Renaud Tamisier1*, Geoffrey S. Gilmartin2, Sandrine H. Launois3, Jean-Louis Pépin4, Hugo Nespoulet4, Robert Joseph Thomas2, Patrick Levy1, and J. Woodrow Weiss2

1 Grenoble University Hospital
2 Beth Israel Deaconess Medical Center
3 Universite Joseph Fourier
4 University Hospital Grenoble

* To whom correspondence should be addressed. E-mail: rtamisier{at}chu-grenoble.fr.

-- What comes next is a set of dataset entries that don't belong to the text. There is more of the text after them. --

text \<open>The seminorm \<open>lA_seminorm A N\<close> is the norm of the image of \<open>x\<close> under the embedding
  of l_A into \<open>\<complex>\<^sup>N \<times> \<ell>\<^sup>1 \<times> (\<ell>\<^sup>\<infinity>)\<^sup>N\<close>, \<open>x \<mapsto> ((x\<^sub>j)\<^sub>j\<^sub><\<^sub>N, Ax, (row_partial A n x)\<^sub>n\<^sub><\<^sub>N)\<close>.
  A perturbation \<open>z\<close>, finitely supported on \<open>coeff_idx\<close>, is added to this image:
  \<open>Coord_at\<close>, \<open>Image_at\<close> and \<open>Partial_at\<close> move single coordinates, while \<open>Const_at n\<close>
  shifts all partial sums of row \<open>n\<close> from \<open>m = 1\<close> on.  The latter is what makes the partial
  sums of a unit vector, \<open>m \<mapsto> A n k * [m > k]\<close>, expressible by a finite perturbation.\<close>
datatype coeff_idx = Coord_at nat | Image_at nat | Partial_at nat nat | Const_at nat

instance coeff_idx :: countable
  by countable_datatype

definition perturbed_image :: "cmatrix \<Rightarrow> seq \<Rightarrow> (coeff_idx \<Rightarrow> complex) \<Rightarrow> nat \<Rightarrow> complex" where
  "perturbed_image A x z n = row_sum A n x + z (Image_at n)"

definition perturbed_partial ::
  "cmatrix \<Rightarrow> seq \<Rightarrow> (coeff_idx \<Rightarrow> complex) \<Rightarrow> nat \<Rightarrow> nat \<Rightarrow> complex" where
  "perturbed_partial A x z n m =
     row_partial A n x m + z (Partial_at n m) + (if 1 \<le> m then z (Const_at n) else 0)"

Obstructive sleep apnea (OSA) is characterized by repetitive nocturnal upper airway obstructions that are associated with sleep disruption and cyclic intermittent hypoxia (CIH) The cyclic oscillations in oxygen saturation are thought to contribute to cardiovascular and other morbidity but animal and patient studies of the pathogenic link between CIH and these diseases have been complicated by species differences and by the effects of confounding factors such as obesity, hypertension, and impaired glucose metabolism. To minimize these limitations we set up a model of nocturnal CIH in healthy humans. We delivered oxygen for 15 seconds every 2 minutes during sleep while subjects breathed 13% oxygen in a hypoxic tent to create 30 cycles/hour of cyclic desaturation-reoxygenation (SpO2 range 95 - 85%). We exposed subjects overnight for 8-9 hours/day for two (10 subjects) and four weeks (8 subjects). The CIH exposure induced respiratory disturbances (central apnea hypopnea index: 3.0±1.9 to 31.1±9.6 per hour of sleep at 2 weeks). Exposure to CIH for 14 days induced an increase in slopes of hypoxic and hypercapnic ventilatory response (1.5±0.6 to 3.1±1.2 L.min-1.% drop in SpO2 and 2.2 ± 1.0 to 3.3±0.9 L.min-1.mmHg CO2-1 respectively) consistent with hypoxic acclimatization. Waking normoxic arterial pressure increased significantly at 2 weeks for systolic (114±2 to 122±2 mmHg) and for diastolic at 4 weeks (71±1.3 to 74±1.7 mmHg). We propose this model as a new technique to study the cardiovascular and metabolic consequences of CIH in human volunteers.